Fig. 1 Structure of complexes 1 and 2.

The ligand Pcyd-BODIPY and complexes were prepared in excellent yield and in high purity as described in the experimental section. Complexes were characterized by elemental analysis, IR, ¹H NMR, ¹³C NMR spectroscopy (Fig. S1–S6†) and ESI-TOF mass spectrometry (Fig. S7–S9†).

The formation of Pcyd-BODIPY, 1, and 2 is clearly evidenced by the parent peaks in the mass spectra. The mass spectra of Pcyd-BODIPY, 1, and 2 show peaks of (M + H)⁺ centered at m/z = 365, 1078, and 1128, respectively (Fig. S7–S9†).

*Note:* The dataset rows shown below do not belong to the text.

lemma index_shift_mat_mult:
  assumes "B \<in> carrier_mat l' nc" "r < l" "c < nc"
  shows "(shift_mat l l' * B) $$ (r, c) = (if Suc r < l' then B $$ (Suc r, c) else 0)"
proof -
  have "(shift_mat l l' * B) $$ (r, c) = (\<Sum>k<l'. shift_mat l l' $$ (r, k) * B $$ (k, c))"
    by (rule index_mult_mat_sum[OF shift_mat_carrier assms])
  also have "\<dots> = (if Suc r < l' then B $$ (Suc r, c) else 0)"
    using assms by (subst sum_lessThan_single[of _ "Suc r"]) (auto simp: shift_mat_def)
  finally show ?thesis .
qed

lemma Delta_simps:
  "rdim (Delta X) = count_le X"
  "ralpha (Delta X) i = incl_mat (count_le X (Suc i)) (count_le X i)"
  "rbeta (Delta X) j = shift_mat (count_le X j) (count_le X (j + 2))"
  unfolding Delta_def Let_def count_le_def shift_mat_def by auto

lemma idx_eq_rank: "idx t d = rank (supp t d)"
  unfolding idx_def rank_def by simp

lemma vdim_eq_count_le: "vdim t d = count_le (supp t d)"
  unfolding vdim_def count_le_def by simp

lemma nvec_eq_card: "nvec t d = card (supp t d)"
  unfolding nvec_def by simp

lemma Mx_simps:
  "rdim (Mx t d x) = count_le (supp t d)"
  "ralpha (Mx t d x) i = incl_mat (count_le (supp t d) (Suc i)) (count_le (supp t d) i)"
  "rbeta (Mx t d x) j = mat (count_le (supp t d) j) (count_le (supp t d) (j + 2)) (\<lambda>(r, c). x $$ (r, c))"
  unfolding Mx_def Let_def vdim_eq_count_le by simp_all

text \<open>Compatibility with the inclusions alpha: a morphism out of Delta(X) maps a basis
  vector already present at vertex i into V_i, also at vertex i + 1.\<close>

lemma hom_from_Delta_vanishes:
  assumes "is_hom t (Delta X) (Mx t d x) s" "1 \<le> i" "Suc i \<le> t"
    and "count_le (supp t d) i \<le> r" "r < count_le (supp t d) (Suc i)" "c < count_le X i"
  shows "s (Suc i) $$ (r, c) = 0"
proof -
  have s: "s i \<in> carrier_mat (count_le (supp t d) i) (count_le X i)"
      "s (Suc i) \<in> carrier_mat (count_le (supp t d) (Suc i)) (count_le X (Suc i))"
    using assms(1-3) unfolding is_hom_def Delta_simps Mx_simps by auto
  have "s (Suc i) * incl_mat (count_le X (Suc i)) (count_le X i)
      = incl_mat (count_le (supp t d) (Suc i)) (count_le (supp t d) i) * s i"
    using assms(1-3) unfolding is_hom_def Delta_simps Mx_simps by simp
  moreover have "count_le X i \<le> count_le X (Suc i)"
    unfolding count_le_def by (intro card_mono) auto
  ultimately show ?thesis
    using index_mult_incl_mat[OF s(2) _ assms(5,6)] index_incl_mat_mult[OF s(1) assms(5,6)] assms(4)
    by simp
qed

section \<open>Thin dimension vectors\<close>

lemma mod_2_eq_iff_even: "(a::nat) mod 2 = c mod 2 \<longleftrightarrow> (even a \<longleftrightarrow> even c)"
  by presburger

locale thin_vector =
  fixes t :: nat and d :: "nat \<Rightarrow> nat"
  assumes thin: "thin t d"
begin

abbreviation "S \<equiv> supp t d"
abbreviation "B \<equiv> bset t d"
abbreviation "e \<equiv> e_of t d"
abbreviation "b \<equiv> b_of t d"
abbreviation "J \<equiv> J_of t d"

lemma mem_supp_iff: "i \<in> S \<longleftrightarrow> i \<in> {1..t} \<and> d i = 1"
  unfolding supp_def by simp

lemma finite_supp: "finite S"
  unfolding supp_def by simp

lemma no_adjacent_zeros: "i \<in> {1..t} - S \<Longrightarrow> Suc i \<in> {1..t} \<Longrightarrow> Suc i \<in> S"
  using thin unfolding thin_def supp_def by auto

lemma zero_iff: "i \<in> {1..t} \<Longrightarrow> i \<notin> S \<longleftrightarrow> d i = 0"
  using thin unfolding thin_def supp_def by auto

lemma t_in_supp: "t \<in> S"
  using thin unfolding thin_def supp_def by simp

lemma bset_props:
  assumes "bb \<in> B"
  shows "bb \<in> S" "Suc bb \<in> {1..t} - S" "bb - 1 \<in> S" "3 \<le> bb" "bb + 2 \<le> t"
proof -
  obtain s where s: "1 < s" "s \<le> bb" "d (s - 1) = 0" "\<forall>j\<in>{s..bb}. d j = 1" "even (bb - s + 1)"
    using assms unfolding bset_def even_internal_end_def by auto
  have bb: "bb \<in> S" "bb < t" "d (Suc bb) = 0"
    using assms unfolding bset_def even_internal_end_def by auto
  then show "bb \<in> S" by simp
  show "Suc bb \<in> {1..t} - S"
    using bb thin unfolding thin_def supp_def by (auto simp: Suc_le_eq)
  have "s < bb"
    using s(2,5) by (cases "s = bb") auto
  then have "d (bb - 1) = 1"
    using s(4) by simp
  then show "bb - 1 \<in> S"
    using s(1) \<open>s < bb\<close> \<open>bb < t\<close> unfolding supp_def by (simp; arith)
  show "3 \<le> bb"
    using s(1) \<open>s < bb\<close> by simp
  show "bb + 2 \<le> t"
    using bb t_in_supp unfolding supp_def by (cases "Suc bb = t") auto
qed

lemma finite_bset: "finite B"
  using bset_props(1) finite_supp by (meson finite_subset subsetI)

lemma zero_before_bset:
  assumes "bb \<in> B"
  obtains z where "z \<in> {1..t} - S" "z < bb" "rank B z = rank B bb" "even z \<longleftrightarrow> even bb"
proof -
  obtain s where s: "1 < s" "s \<le> bb" "d (s - 1) = 0" "\<forall>j\<in>{s..bb}. d j = 1" "even (bb - s + 1)"
    using assms unfolding bset_def even_internal_end_def by auto
  have "bb < t"
    using assms unfolding bset_def even_internal_end_def by auto
  have notin_B: "x \<notin> B" if "s - 1 \<le> x" "x < bb" for x
  proof
    assume "x \<in> B"
    then have "Suc x \<notin> S" "x \<in> S"
      using bset_props by auto
    then show False
      using that s \<open>bb < t\<close> unfolding supp_def by (cases "x = s - 1") auto
  qed
  then have "{x\<in>B. x < s - 1} = {x\<in>B. x < bb}"
    using notin_B s(1,2) by (auto simp: not_le) (meson not_less)
  then have "rank B (s - 1) = rank B bb"
    unfolding rank_def by simp
  moreover have "even (s - 1) \<longleftrightarrow> even bb"
    using s(1,2,5) by (simp add: Suc_diff_le[symmetric] even_diff_nat)
  moreover have "s - 1 \<in> {1..t} - S"
    using s \<open>bb < t\<close> unfolding supp_def by auto
  ultimately show thesis
    using that s by simp
qed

The disappearance of the H1 signal (7.54 ppm in ligand HL) and the upfield shift of the signal of H3/H5 of the central phenyl ring (7.29–7.35 ppm in ligand HL and 6.75 and 6.79 ppm in 1 and 2, respectively) in the ¹H NMR spectra of 1 and 2 are consistent with the coordination of Ir to the deprotonated pincer ligand. The H4′ resonance is shifted downfield due to the ring current effect of the second ligand in complexes 1 and 2 (7.84–7.79 ppm in ligand HL and 8.31 and 8.80 ppm in 1 and 2, respectively).⁴¹

The proton chemical shifts of Pcyd-BODIPY decrease with respect to the free ligand due to coordination of ligand Pcyd-BODIPY to Ir. Also, the NH proton of ligand Pcyd-BODIPY disappeared due to coordination of the cyanamide group to Ir in complexes 1 and 2.

The ν (NCN) band of ligand Pcyd-BODIPY is observed at 2225 cm⁻¹, when the Pcyd-BODIPY ligand coordinates to Ir, ν (NCN) of complexes 1 and 2 is shifted to lower energies (2092 and 2088 cm⁻¹, respectively) representing the coordination of cyanamide through the cyano nitrogen.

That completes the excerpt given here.